Stored items:
text \<open>Fix the outcome \<open>Inc_i\<close>. Then car \<open>j\<close> must park in the spot that \<open>Inc_i\<close> assigns to it,
  and by induction the cars before it occupy exactly their assigned spots; so the admissible
  preferences of car \<open>j\<close> are those whose first free spot is the assigned one. They form an
  interval ending at that spot, of length \<open>j\<close> if \<open>j < i\<close> and \<open>j - i + 1\<close> otherwise, and they
  are chosen independently. Hence \<open>(i - 1)! (n - i + 1)!\<close> parking functions have outcome
  \<open>Inc_i\<close>, and summing over \<open>i\<close> gives the formula.\<close>

lemma first_free_eq_Some_iff:
  "first_free n occ a = Some s \<longleftrightarrow>
     a \<le> s \<and> s \<le> n \<and> occ s = None \<and> (\<forall>k. a \<le> k \<and> k < s \<longrightarrow> occ k \<noteq> None)"
proof
  assume "first_free n occ a = Some s"
  then have ex: "\<exists>k. a \<le> k \<and> k \<le> n \<and> occ k = None"
    and s: "s = (LEAST k. a \<le> k \<and> k \<le> n \<and> occ k = None)"
    by (auto simp: first_free_def split: if_splits)
  then show "a \<le> s \<and> s \<le> n \<and> occ s = None \<and> (\<forall>k. a \<le> k \<and> k < s \<longrightarrow> occ k \<noteq> None)"
    using LeastI_ex[OF ex] not_less_Least[of _ "\<lambda>k. a \<le> k \<and> k \<le> n \<and> occ k = None"]
    by (metis dual_order.trans less_imp_le)
next
  assume h: "a \<le> s \<and> s \<le> n \<and> occ s = None \<and> (\<forall>k. a \<le> k \<and> k < s \<longrightarrow> occ k \<noteq> None)"
  then have "(LEAST k. a \<le> k \<and> k \<le> n \<and> occ k = None) = s"
    by (intro Least_equality) (auto simp: not_less[symmetric])
  with h show "first_free n occ a = Some s"
    unfolding first_free_def by auto
qed

lemma first_free_preimage_eq_atLeastAtMost:
  assumes "1 \<le> b" "b \<le> s" "s \<le> n" "occ s = None"
    and "\<forall>k. b \<le> k \<and> k < s \<longrightarrow> occ k \<noteq> None"
    and boundary: "b = 1 \<or> occ (b - 1) = None"
  shows "{a \<in> {1..n}. first_free n occ a = Some s} = {b..s}"
proof (intro set_eqI iffI)
  fix a assume a: "a \<in> {a \<in> {1..n}. first_free n occ a = Some s}"
  have "b \<le> a"
  proof (rule ccontr)
    assume "\<not> b \<le> a"
    with a boundary have "a \<le> b - 1" "b - 1 < s" "occ (b - 1) = None"
      using assms(2) by auto
    with a show False
      by (auto simp: first_free_eq_Some_iff)
  qed
  with a show "a \<in> {b..s}"
    by (simp add: first_free_eq_Some_iff)
qed (use assms in \<open>auto simp: first_free_eq_Some_iff\<close>)

lemma park_from_keeps_occupied:
  "park_from n i occ ps = Some occ' \<Longrightarrow> occ k = Some c \<Longrightarrow> occ' k = Some c"
proof (induction ps arbitrary: i occ)
  case (Cons a ps)
  then obtain s where "first_free n occ a = Some s"
    and "park_from n (Suc i) (occ(s \<mapsto> i)) ps = Some occ'"
    by (auto split: option.splits)
  with Cons show ?case
    by (metis first_free_eq_Some_iff fun_upd_other option.distinct(1))
qed simp

lemma card_lists_nth_in:
  "card {xs. length xs = n \<and> (\<forall>t<n. xs ! t \<in> B t)} = (\<Prod>t<n. card (B t))"
proof (induction n arbitrary: B)
  case (Suc n)
  have "{xs. length xs = Suc n \<and> (\<forall>t<Suc n. xs ! t \<in> B t)} =
      (\<lambda>(x, xs). x # xs) ` (B 0 \<times> {xs. length xs = n \<and> (\<forall>t<n. xs ! t \<in> B (Suc t))})"
    by (auto simp: length_Suc_conv All_less_Suc2)
  moreover have "inj_on (\<lambda>(x, xs). x # xs) A" for A :: "('a \<times> 'a list) set"
    by (auto simp: inj_on_def)
  ultimately show ?case
    by (simp add: card_image card_cartesian_product Suc.IH prod.lessThan_Suc_shift
        del: prod.lessThan_Suc)
qed simp

text \<open>\<open>car_at k\<close> is the car in spot \<open>k\<close> of a prescribed final arrangement and \<open>spot_of\<close> its
  inverse; \<open>lot j\<close> is the lot just before car \<open>j\<close> enters, all earlier cars having parked
  where the arrangement puts them.\<close>

locale arrangement =
  fixes n :: nat and car_at spot_of :: "nat \<Rightarrow> nat"
  assumes car_at: "k \<in> {1..n} \<Longrightarrow> car_at k \<in> {1..n}"
    and spot_of_car_at: "k \<in> {1..n} \<Longrightarrow> spot_of (car_at k) = k"
    and spot_of: "c \<in> {1..n} \<Longrightarrow> spot_of c \<in> {1..n}"
    and car_at_spot_of: "c \<in> {1..n} \<Longrightarrow> car_at (spot_of c) = c"
begin

definition lot :: "nat \<Rightarrow> nat \<Rightarrow> nat option" where
  "lot j k = (if k \<in> {1..n} \<and> car_at k < j then Some (car_at k) else None)"

definition realised_by :: "(nat \<Rightarrow> nat option) \<Rightarrow> bool" where
  "realised_by occ \<longleftrightarrow> (\<forall>k\<in>{1..n}. the (occ k) = car_at k)"

definition preferences :: "nat \<Rightarrow> nat set" where
  "preferences j = {a \<in> {1..n}. first_free n (lot j) a = Some (spot_of j)}"

lemma lot_1: "lot 1 = Map.empty"
proof
  fix k
  show "lot 1 k = None"
    using car_at[of k] by (auto simp: lot_def)
qed

lemma lot_Suc:
  assumes "j \<in> {1..n}"
  shows "lot (Suc j) = (lot j)(spot_of j \<mapsto> j)"
proof
  fix k
  show "lot (Suc j) k = ((lot j)(spot_of j \<mapsto> j)) k"
  proof (cases "k = spot_of j")
    case True
    then show ?thesis
      using assms spot_of car_at_spot_of by (simp add: lot_def)
  next
    case False
    then have "k \<in> {1..n} \<Longrightarrow> car_at k \<noteq> j"
      using spot_of_car_at by metis
    with False show ?thesis
      by (auto simp: lot_def)
  qed
qed

lemma realised_lot: "realised_by (lot (Suc n))"
  using car_at by (simp add: realised_by_def lot_def less_Suc_eq_le)

lemma park_from_lot_iff:
  assumes "1 \<le> j" "j + length ps = Suc n" "set ps \<subseteq> {1..n}"
  shows "(\<exists>occ. park_from n j (lot j) ps = Some occ \<and> realised_by occ)
     \<longleftrightarrow> (\<forall>t<length ps. ps ! t \<in> preferences (j + t))"
  using assms
proof (induction ps arbitrary: j)
  case Nil
  then show ?case using realised_lot by simp
next
  case (Cons a ps)
  have j: "j \<in> {1..n}" and a: "a \<in> {1..n}"
    using Cons.prems by auto
  have "(\<exists>occ. park_from n j (lot j) (a # ps) = Some occ \<and> realised_by occ) \<longleftrightarrow>
      a \<in> preferences j \<and> (\<exists>occ. park_from n (Suc j) (lot (Suc j)) ps = Some occ \<and> realised_by occ)"
  proof
    assume "\<exists>occ. park_from n j (lot j) (a # ps) = Some occ \<and> realised_by occ"
    then obtain s occ where s: "first_free n (lot j) a = Some s"
      and occ: "park_from n (Suc j) ((lot j)(s \<mapsto> j)) ps = Some occ" and "realised_by occ"
      by (auto split: option.splits)
    have "s \<in> {1..n}"
      using s a by (auto simp: first_free_eq_Some_iff)
    moreover have "occ s = Some j"
      using park_from_keeps_occupied[OF occ] by simp
    ultimately have "s = spot_of j"
      using \<open>realised_by occ\<close> spot_of_car_at by (force simp: realised_by_def)
    with s occ \<open>realised_by occ\<close> a lot_Suc[OF j]
    show "a \<in> preferences j \<and> (\<exists>occ. park_from n (Suc j) (lot (Suc j)) ps = Some occ \<and> realised_by occ)"
      by (auto simp: preferences_def)
  qed (simp add: preferences_def lot_Suc[OF j])
  with Cons.IH[of "Suc j"] Cons.prems show ?case
    by (simp add: All_less_Suc2)
qed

Your objective:
Copy each line in the entries above where "assigned" turns up.

Exercise answer:
  and by induction the cars before it occupy exactly their assigned spots; so the admissible
  preferences of car \<open>j\<close> are those whose first free spot is the assigned one. They form an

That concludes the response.